Intertwined with the right-of-way issues are concerns about speed. A local subway can go from Houston St. at Broadway to 125th St. at Lexington, a distance of approximately 6.4 miles covered by the 6 train, in 22 minutes. That’s an average speed of approximately 17.5 miles per hour. It currently takes the M15 nearly 90 minutes to make a similar trip up 2nd Ave. The MTA claims the SBS route along Fordham Road is 10-15 percent faster, and even if the same gains can be realized without dedicated lanes along the East Side, that entire trip will now take 80 minutes instead. It’s progress, but until buses can enjoy signal prioritization and blocking-the-box enforcement, they will forever be slowed by crosstown traffic and the ebb and flows of the avenues. A subway doesn’t have to wait for a car to clear the intersection before moving forward; a bus does.

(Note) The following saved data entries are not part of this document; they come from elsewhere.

theorem theorem5:
  fixes V1 V2 :: "'a set" and E1 E2 :: "'a \<Rightarrow> 'a \<Rightarrow> bool"
  assumes "graph V1 E1" and "graph V2 E2"
    and "V1 \<noteq> {}" and "V2 \<noteq> {}" and "V1 \<inter> V2 = {}"
  shows "(((card V1 = 1 \<and> outcome_S V2 E2) \<or> (card V2 = 1 \<and> outcome_S V1 E1))
           \<longrightarrow> outcome_N (V1 \<union> V2) (join_edges V1 E1 V2 E2))
       \<and> (\<not> ((card V1 = 1 \<and> outcome_S V2 E2) \<or> (card V2 = 1 \<and> outcome_S V1 E1))
           \<longrightarrow> outcome_D (V1 \<union> V2) (join_edges V1 E1 V2 E2))"
proof -
  let ?J = "join_edges V1 E1 V2 E2"
  have left: "card V1 = 1 \<Longrightarrow> (outcome_N (V1 \<union> V2) ?J \<longleftrightarrow> outcome_S V2 E2)
      \<and> (outcome_D (V1 \<union> V2) ?J \<longleftrightarrow> \<not> outcome_S V2 E2)"
    using outcome_join_singleton[OF assms(1,2) _ assms(5,4)] by simp
  have right: "card V2 = 1 \<Longrightarrow> (outcome_N (V1 \<union> V2) ?J \<longleftrightarrow> outcome_S V1 E1)
      \<and> (outcome_D (V1 \<union> V2) ?J \<longleftrightarrow> \<not> outcome_S V1 E1)"
    using outcome_join_singleton[OF assms(2,1) _ _ assms(3)] assms(5)
    by (simp add: join_edges_commute Un_commute Int_commute)
  have "card V1 \<noteq> 0" "card V2 \<noteq> 0"
    using assms(1-4) by (simp_all add: graph_def)
  then consider "card V1 = 1" | "card V2 = 1" | "2 \<le> card V1" "2 \<le> card V2" by linarith
  then show ?thesis
  proof cases
    case 1
    with left right show ?thesis by auto
  next
    case 2
    with left right show ?thesis by auto
  next
    case 3
    with outcome_D_join_if_card_ge_2[OF assms(1,2,5)] show ?thesis by auto
  qed
qed

end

Finally, we arrive at the issue of capacity. Simply put, a bus — even the new articulated Select Bus Service buses — cannot keep pace with a 10-car subway set. A typical R142A car is at capacity with 176 passengers, and so a ten-car set can hold 1760. A Nova Bus LFS can fit under 100 passengers. With 6 trains running every four minutes, the M15 would have to run at a near-continuous rate to provide bus service equivalent with subway service. No matter what the Transportation Commissioner might say, Select Bus Service isn’t a subway system.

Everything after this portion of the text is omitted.